Stored data
================
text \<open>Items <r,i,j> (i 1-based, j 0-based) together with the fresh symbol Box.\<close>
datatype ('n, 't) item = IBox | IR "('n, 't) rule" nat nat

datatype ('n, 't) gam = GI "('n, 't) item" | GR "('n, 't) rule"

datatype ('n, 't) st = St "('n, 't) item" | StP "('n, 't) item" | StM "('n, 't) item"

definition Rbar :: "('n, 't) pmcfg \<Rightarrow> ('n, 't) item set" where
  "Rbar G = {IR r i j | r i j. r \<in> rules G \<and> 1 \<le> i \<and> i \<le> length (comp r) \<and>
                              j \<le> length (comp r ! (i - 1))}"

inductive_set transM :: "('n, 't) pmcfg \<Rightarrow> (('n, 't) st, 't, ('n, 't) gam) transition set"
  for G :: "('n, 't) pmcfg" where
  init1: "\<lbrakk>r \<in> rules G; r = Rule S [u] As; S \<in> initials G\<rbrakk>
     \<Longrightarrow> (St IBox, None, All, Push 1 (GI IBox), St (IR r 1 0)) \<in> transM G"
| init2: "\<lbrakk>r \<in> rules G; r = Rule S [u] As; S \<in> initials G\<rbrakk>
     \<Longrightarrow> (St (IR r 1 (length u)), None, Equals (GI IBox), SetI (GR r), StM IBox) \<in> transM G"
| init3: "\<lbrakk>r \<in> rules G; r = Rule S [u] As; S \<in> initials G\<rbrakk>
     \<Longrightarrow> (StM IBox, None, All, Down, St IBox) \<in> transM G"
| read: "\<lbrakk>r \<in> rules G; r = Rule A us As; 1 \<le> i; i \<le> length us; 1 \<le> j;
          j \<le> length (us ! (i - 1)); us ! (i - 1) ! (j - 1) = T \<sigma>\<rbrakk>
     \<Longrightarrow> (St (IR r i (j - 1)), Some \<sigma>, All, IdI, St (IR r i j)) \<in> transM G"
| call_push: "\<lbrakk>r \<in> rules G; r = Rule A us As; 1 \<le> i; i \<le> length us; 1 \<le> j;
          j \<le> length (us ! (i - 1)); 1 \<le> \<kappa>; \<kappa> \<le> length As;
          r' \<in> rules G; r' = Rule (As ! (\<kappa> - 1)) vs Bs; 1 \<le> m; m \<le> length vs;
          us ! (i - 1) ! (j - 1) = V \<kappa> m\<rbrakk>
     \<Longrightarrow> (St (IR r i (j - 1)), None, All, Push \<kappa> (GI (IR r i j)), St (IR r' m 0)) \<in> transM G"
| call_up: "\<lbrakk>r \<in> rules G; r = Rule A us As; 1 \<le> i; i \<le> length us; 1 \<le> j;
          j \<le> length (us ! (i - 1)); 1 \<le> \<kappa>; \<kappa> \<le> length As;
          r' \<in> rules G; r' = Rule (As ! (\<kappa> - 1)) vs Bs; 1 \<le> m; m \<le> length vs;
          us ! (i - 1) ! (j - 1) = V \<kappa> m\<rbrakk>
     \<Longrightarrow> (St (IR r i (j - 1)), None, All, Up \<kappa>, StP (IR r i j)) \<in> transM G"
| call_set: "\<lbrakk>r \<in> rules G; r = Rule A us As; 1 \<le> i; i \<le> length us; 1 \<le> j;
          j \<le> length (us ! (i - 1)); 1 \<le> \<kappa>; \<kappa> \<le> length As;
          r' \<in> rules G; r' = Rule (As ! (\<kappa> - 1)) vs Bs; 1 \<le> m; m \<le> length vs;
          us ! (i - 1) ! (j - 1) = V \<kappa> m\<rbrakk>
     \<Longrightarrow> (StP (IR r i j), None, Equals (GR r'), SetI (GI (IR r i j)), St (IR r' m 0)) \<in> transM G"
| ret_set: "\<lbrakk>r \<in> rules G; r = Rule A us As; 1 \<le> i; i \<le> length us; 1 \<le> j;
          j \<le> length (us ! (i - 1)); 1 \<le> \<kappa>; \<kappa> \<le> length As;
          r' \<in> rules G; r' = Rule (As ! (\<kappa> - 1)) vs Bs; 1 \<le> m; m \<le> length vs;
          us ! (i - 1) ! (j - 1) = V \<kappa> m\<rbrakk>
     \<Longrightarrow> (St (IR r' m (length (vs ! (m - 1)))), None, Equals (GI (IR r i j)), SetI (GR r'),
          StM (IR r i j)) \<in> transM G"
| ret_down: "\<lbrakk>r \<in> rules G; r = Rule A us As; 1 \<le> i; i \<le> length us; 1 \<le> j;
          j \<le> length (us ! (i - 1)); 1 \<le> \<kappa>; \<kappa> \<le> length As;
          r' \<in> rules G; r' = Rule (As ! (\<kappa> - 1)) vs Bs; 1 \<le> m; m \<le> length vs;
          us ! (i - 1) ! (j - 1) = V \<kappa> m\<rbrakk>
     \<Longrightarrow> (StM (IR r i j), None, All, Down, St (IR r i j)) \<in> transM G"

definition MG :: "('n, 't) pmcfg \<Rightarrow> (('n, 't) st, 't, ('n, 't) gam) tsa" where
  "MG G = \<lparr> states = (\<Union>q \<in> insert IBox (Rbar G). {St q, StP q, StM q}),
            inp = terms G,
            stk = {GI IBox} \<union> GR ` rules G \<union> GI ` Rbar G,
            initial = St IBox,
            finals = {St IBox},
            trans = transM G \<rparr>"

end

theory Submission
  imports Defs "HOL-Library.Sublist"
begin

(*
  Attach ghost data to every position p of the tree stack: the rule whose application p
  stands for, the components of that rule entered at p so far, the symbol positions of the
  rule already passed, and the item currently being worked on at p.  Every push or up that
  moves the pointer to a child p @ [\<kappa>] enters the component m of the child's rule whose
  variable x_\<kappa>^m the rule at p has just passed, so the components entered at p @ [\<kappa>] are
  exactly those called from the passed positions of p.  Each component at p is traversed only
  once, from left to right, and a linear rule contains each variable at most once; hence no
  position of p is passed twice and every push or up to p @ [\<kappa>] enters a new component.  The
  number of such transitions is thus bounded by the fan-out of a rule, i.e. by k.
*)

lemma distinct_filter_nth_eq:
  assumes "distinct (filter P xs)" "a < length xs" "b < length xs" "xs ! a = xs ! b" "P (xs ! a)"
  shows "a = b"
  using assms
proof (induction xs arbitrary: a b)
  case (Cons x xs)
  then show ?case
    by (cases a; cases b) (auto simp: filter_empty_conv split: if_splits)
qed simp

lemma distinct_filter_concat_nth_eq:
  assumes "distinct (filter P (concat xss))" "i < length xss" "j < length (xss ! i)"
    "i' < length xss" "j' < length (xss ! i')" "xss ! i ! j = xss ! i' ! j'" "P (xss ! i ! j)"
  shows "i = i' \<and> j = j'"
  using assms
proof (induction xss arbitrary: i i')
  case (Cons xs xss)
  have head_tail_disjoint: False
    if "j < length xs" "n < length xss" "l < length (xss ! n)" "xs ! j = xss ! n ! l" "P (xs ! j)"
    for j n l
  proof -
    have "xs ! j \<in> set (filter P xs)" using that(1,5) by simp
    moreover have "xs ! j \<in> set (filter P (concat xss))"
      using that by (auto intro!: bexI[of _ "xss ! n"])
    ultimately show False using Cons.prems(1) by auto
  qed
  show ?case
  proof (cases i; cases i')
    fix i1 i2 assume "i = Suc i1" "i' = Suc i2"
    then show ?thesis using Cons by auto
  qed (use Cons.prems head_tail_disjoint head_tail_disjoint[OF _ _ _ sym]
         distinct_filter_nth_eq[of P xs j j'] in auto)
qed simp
================
— What the task asks —
All lines from the one with "number of such" to the end of the entries above are to be written out exactly, the first and last included.

— Response to the exercise —
  number of such transitions is thus bounded by the fan-out of a rule, i.e. by k.
*)

lemma distinct_filter_nth_eq:
  assumes "distinct (filter P xs)" "a < length xs" "b < length xs" "xs ! a = xs ! b" "P (xs ! a)"
  shows "a = b"
  using assms
proof (induction xs arbitrary: a b)
  case (Cons x xs)
  then show ?case
    by (cases a; cases b) (auto simp: filter_empty_conv split: if_splits)
qed simp

lemma distinct_filter_concat_nth_eq:
  assumes "distinct (filter P (concat xss))" "i < length xss" "j < length (xss ! i)"
    "i' < length xss" "j' < length (xss ! i')" "xss ! i ! j = xss ! i' ! j'" "P (xss ! i ! j)"
  shows "i = i' \<and> j = j'"
  using assms
proof (induction xss arbitrary: i i')
  case (Cons xs xss)
  have head_tail_disjoint: False
    if "j < length xs" "n < length xss" "l < length (xss ! n)" "xs ! j = xss ! n ! l" "P (xs ! j)"
    for j n l
  proof -
    have "xs ! j \<in> set (filter P xs)" using that(1,5) by simp
    moreover have "xs ! j \<in> set (filter P (concat xss))"
      using that by (auto intro!: bexI[of _ "xss ! n"])
    ultimately show False using Cons.prems(1) by auto
  qed
  show ?case
  proof (cases i; cases i')
    fix i1 i2 assume "i = Suc i1" "i' = Suc i2"
    then show ?thesis using Cons by auto
  qed (use Cons.prems head_tail_disjoint head_tail_disjoint[OF _ _ _ sym]
         distinct_filter_nth_eq[of P xs j j'] in auto)
qed simp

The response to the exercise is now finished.